On Thu, Dec 16, 2021 at 6:24 PM Vivek Goyal <vgoyal at redhat.com> wrote:
>
> On Thu, Dec 16, 2021 at 01:03:00PM +0200, Amir Goldstein wrote:
> > > > I understand that part. But at the same time, remote fsnotify API will
> > > > probably evolve as you keep on adding more functionality. What if there
> > > > is another notification mechanism tomorrow say newfancynotify(), we
> > > > might have to modify remote fsnoitfy again to accomodate that.
> > > >
> > > > IOW, fsnotify seems to be just underlying plumbing and whatever you
> > > > add today might not be enough to support tomorrow's features. That's
> > > > why I wanted to start with a minimal set of functionality and add
> > > > more to it later.
> > > >
> > >
> > > I do want to start with minimal functionality.
> > > I did not request that you implement more functionality than what inotify
> > > provides.
> > >
> > > TBH, I can't even remember the specific details that made me say
> > > "this is remote inotify not remote fsnotify", but there were such details.
> > > I remember inotify rename cookie being one of them.
> > >
> >
> > Let me repeat my concern about the rename cookie API.
> >
> > As Jan has convinced me to create a new event FS_RENAME
> > for fanotify, there is no harm in FUSE passing the rename cookie
> > along with FS_MOVE events, but the FUSE out args:
> >
> > struct fuse_notify_fsnotify_out {
> >  uint64_t inode;
> >  uint64_t mask;
> >  uint32_t namelen;
> >  uint32_t cookie;
> > };
> >
> > How do you expect to extend it when somebody wants to implement
> > the FS_RENAME event that carries two names and two dir inodes
> > (and no cookie)?
> > Will they need to use a new out struct? a union?
>
> I was thinking of defining a new struct say "fuse_notify_fsnotify_out_ext"
> when one reached to a state where fanotify can be supported. Because
> fanotify seems much more rich as compared to inotify and more data
> needs to be transferred in fuse events. Without being able to test
> fanotify, its little hard to design and test this struct to meet
> fanotify needs as well.
>
> >
> > Unlike inotify, fanotify can sometimes report the inode of the child
> > along with inode of the parent in events (e.g. FS_OPEN) when watching
> > a parent directory.
> >
> > How will this out args struct be extended if we would want to pass that
> > information?
>
> I was thinking of a new struct which takes care of all of fanotify needs.
>
> >
> > There is no need to address this now. I just want to know that the
> > design you suggest is extendable to future needs and if it is not,
> > I would prefer to reserve enough fields in the FUSE event
> > struct for the common needs of all current fsnotify backends,
> > just as we pass all the relevant info to the fsnotify_XXX() hooks.
>
> So there are two ways.
>
> - Either we now define a struct which meeds the needs of inotify only.
>   And make remote inotify work.
>
> - Or we try to make it generic enough so that both inotify and fanotify
>   can be supported. Given local fanotify does not work on fuse yet,

It's a one liner patch to make it work on fuse.
Just need to set f_fsid. that's all.
So testing is not really a problem.
Mind you the event FS_RENAME I mentioned has only now
queued for-next, so you can leave it out of scope for testing.
I can still discuss the extendability of the design w.r.t that event...

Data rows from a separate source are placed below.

(* Let $N\ge3$, $M\ge2$, and let $\mathcal{F}$ be an $M\times N$ circular Florentine rectangle over $\mathbb{Z}_N$ with rows $\pi_0,\dots,\pi_{M-1}$; put $g_{i,j}=\pi_i^{-1}(j)$. Let $T\ge1$, $P=N+T$, $L=NP$, let $\mathcal{I}\subseteq\mathbb{Z}_P$ with $|\mathcal{I}|=T$, and write $\mathbb{Z}_P\setminus\mathcal{I}=\{l_0<l_1<\dots<l_{N-1}\}$. Let $a^i_{j,t}=\sqrt{P/N}\,\omega_N^{j g_{i,t}}$ and define the $N\times P$ matrix $\mathcal{B}^i=(b^i_{j,k})$ by $b^i_{j,k}=a^i_{j,t}\omega_{NP}^{k g_{i,t}}$ if $k=l_t$, and $b^i_{j,k}=0$ if $k\in\mathcal{I}$. Let $\hat u^i_n=b^i_{r,s}$ with $r=\lfloor n/P\rfloor$, $s=n-Pr$ ($0\le n<L$), and let $U^i$ be the time-domain sequence $u^i_t=\frac{1}{\sqrt L}\sum_{n=0}^{L-1}\hat u^i_n\omega_L^{nt}$. With $\theta_a=\max\{|\theta_{U^i}(\tau)|:0\le i<M,\ 0<\tau<L\}$ and $\theta_c=\max\{|\theta_{U^i,U^{i'}}(\tau)|:i\ne i',\ 0\le\tau<L\}$: (1) $\theta_a\ge P\sqrt{\frac{N(P-N)}{P-1}}$, with equality if $\mathbb{Z}_P\setminus\mathcal{I}$ is a cyclic difference set over $\mathbb{Z}_P$; (2) $\theta_c=P$; (3) with $\Omega=\{s+aP:s\in\mathcal{I},a\in\mathbb{Z}_N\}$, for every $i$ one has $\hat u^i_n=0$ for $n\in\Omega$ and $|\hat u^i_n|=\sqrt{P/N}$ for $n\notin\Omega$.
   Context: $\omega_n=e^{2\pi\sqrt{-1}/n}$. An $M\times N$ circular Florentine rectangle (CFR) over $\mathbb{Z}_N$ is an $M\times N$ array whose rows $\pi_i:\mathbb{Z}_N\to\mathbb{Z}_N$ are permutations such that for every $m\in\mathbb{Z}_N\setminus\{0\}$ and all $i,j,x,y$: $(\pi_i(x),\pi_i(x+m))=(\pi_j(y),\pi_j(y+m))$ (indices mod $N$) iff $i=j$ and $x=y$. $\pi_i^{-1}$ is the inverse permutation with values in $\{0,\dots,N-1\}$. Periodic correlation: $\theta_{C,D}(\tau)=\sum_{t=0}^{L-1}c_td^*_{\langle t+\tau\rangle_L}$, $\theta_C=\theta_{C,C}$. A subset $\mathcal{D}\subseteq\mathbb{Z}_v$ with $|\mathcal{D}|=k$ is a $(v,k,\lambda)$ cyclic difference set if $|(\varepsilon+\mathcal{D})\cap\mathcal{D}|=\lambda$ for every nonzero $\varepsilon\in\mathbb{Z}_v$. *)

theory Defs
  imports Complex_Main
begin

definition omega :: "nat \<Rightarrow> complex" where
  "omega n = cis (2 * pi / real n)"

definition is_CFR :: "nat \<Rightarrow> nat \<Rightarrow> (nat \<Rightarrow> nat \<Rightarrow> nat) \<Rightarrow> bool" where
  "is_CFR M N rows \<longleftrightarrow>
     (\<forall>i<M. bij_betw (rows i) {..<N} {..<N}) \<and>
     (\<forall>m\<in>{1..<N}. \<forall>i<M. \<forall>j<M. \<forall>x<N. \<forall>y<N.
        ((rows i x, rows i ((x + m) mod N)) = (rows j y, rows j ((y + m) mod N)))
        \<longleftrightarrow> (i = j \<and> x = y))"

definition ginv :: "nat \<Rightarrow> (nat \<Rightarrow> nat \<Rightarrow> nat) \<Rightarrow> nat \<Rightarrow> nat \<Rightarrow> nat" where
  "ginv N rows i j = inv_into {..<N} (rows i) j"

definition lseq :: "nat \<Rightarrow> nat set \<Rightarrow> nat list" where
  "lseq P I = sorted_list_of_set ({..<P} - I)"

definition acoef :: "nat \<Rightarrow> nat \<Rightarrow> (nat \<Rightarrow> nat \<Rightarrow> nat) \<Rightarrow> nat \<Rightarrow> nat \<Rightarrow> nat \<Rightarrow> complex" where
  "acoef N P rows i j t = complex_of_real (sqrt (real P / real N)) * omega N ^ (j * ginv N rows i t)"

definition bmat :: "nat \<Rightarrow> nat \<Rightarrow> nat set \<Rightarrow> (nat \<Rightarrow> nat \<Rightarrow> nat) \<Rightarrow> nat \<Rightarrow> nat \<Rightarrow> nat \<Rightarrow> complex" where
  "bmat N P I rows i j k =
     (if k \<in> I then 0
      else (let t = (THE t. t < N \<and> lseq P I ! t = k)
            in acoef N P rows i j t * omega (N * P) ^ (k * ginv N rows i t)))"

definition uhat :: "nat \<Rightarrow> nat \<Rightarrow> nat set \<Rightarrow> (nat \<Rightarrow> nat \<Rightarrow> nat) \<Rightarrow> nat \<Rightarrow> nat \<Rightarrow> complex" where
  "uhat N P I rows i n = bmat N P I rows i (n div P) (n mod P)"

definition useq :: "nat \<Rightarrow> nat \<Rightarrow> nat set \<Rightarrow> (nat \<Rightarrow> nat \<Rightarrow> nat) \<Rightarrow> nat \<Rightarrow> nat \<Rightarrow> complex" where
  "useq N P I rows i t =
     (let L = N * P in
      (1 / complex_of_real (sqrt (real L))) * (\<Sum>n<L. uhat N P I rows i n * omega L ^ (n * t)))"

>   it will be hard to test it. And without testing it will be hard to
>   ascertain, have we met all the needs of fanotify. It will be just
>   sort of a guess.
>

I think the info I listed above is all there is to it and it is not that much,
so I think it is not a good choice to extend the struct later.

> IMHO, first choice also seems reasonable. This is small enough to make
> progress and take care of other pending issues like events coming after
> inode unlink etc.
>
> >
> > > I guess this discussion is not very productive at this point as none of us
> > > are saying anything very specific about what should and should not
> > > be done, so let me try to suggest something -
> > >
> > > Try to see if you could replace the server side implementation with
> > > fanotify even if you use CAP_SYS_ADMIN for the experiment.
> > > fanotify should be almost a drop-in replacement for inotify at this point
> > > If you think that you cannot make this experiment with your current
> > > protocol and vfs extensions then you must have done something wrong
> > > and tied the protocol and/or the vfs API to inotify terminology.
> > >
> >
> > So I did this thought experiment myself.
> > I did not find any obvious issues with implementing the backend as
> > fanotify. If anything, mapping fhandle to inode is even a bit easier
> > than mapping wd to inode if you know the fhandle encoding.
>
> Fair enough. I think Ioannis is trying to replace inotify backend
> with fanotify backend. If we run into issues with this, we will
> let you know.
>

You will have a problem placing a value in the rename cookie
because fanotify does not provide one.

> >
> > For event reporting, besides generalizing the out args, implementation
> > would be similar. Since FUSE uses nodeid to identify the object in
> > events, there is no problem for fanotify to report fhandle and inotify
> > to report wd.
>
> I think hardes part is generalizing out_args. One thing I am not sure
> about is, will we be carrying file handles in this struct? I thought

No.

> that we will be sending nodeid to refer to inodes because that seems
> to be the fuse interface. And if fanotify requires file handles, they
> will use fuse interface to convert nodeid/generation into a file
> handle and report to user space. Is that a reasonable thing to do.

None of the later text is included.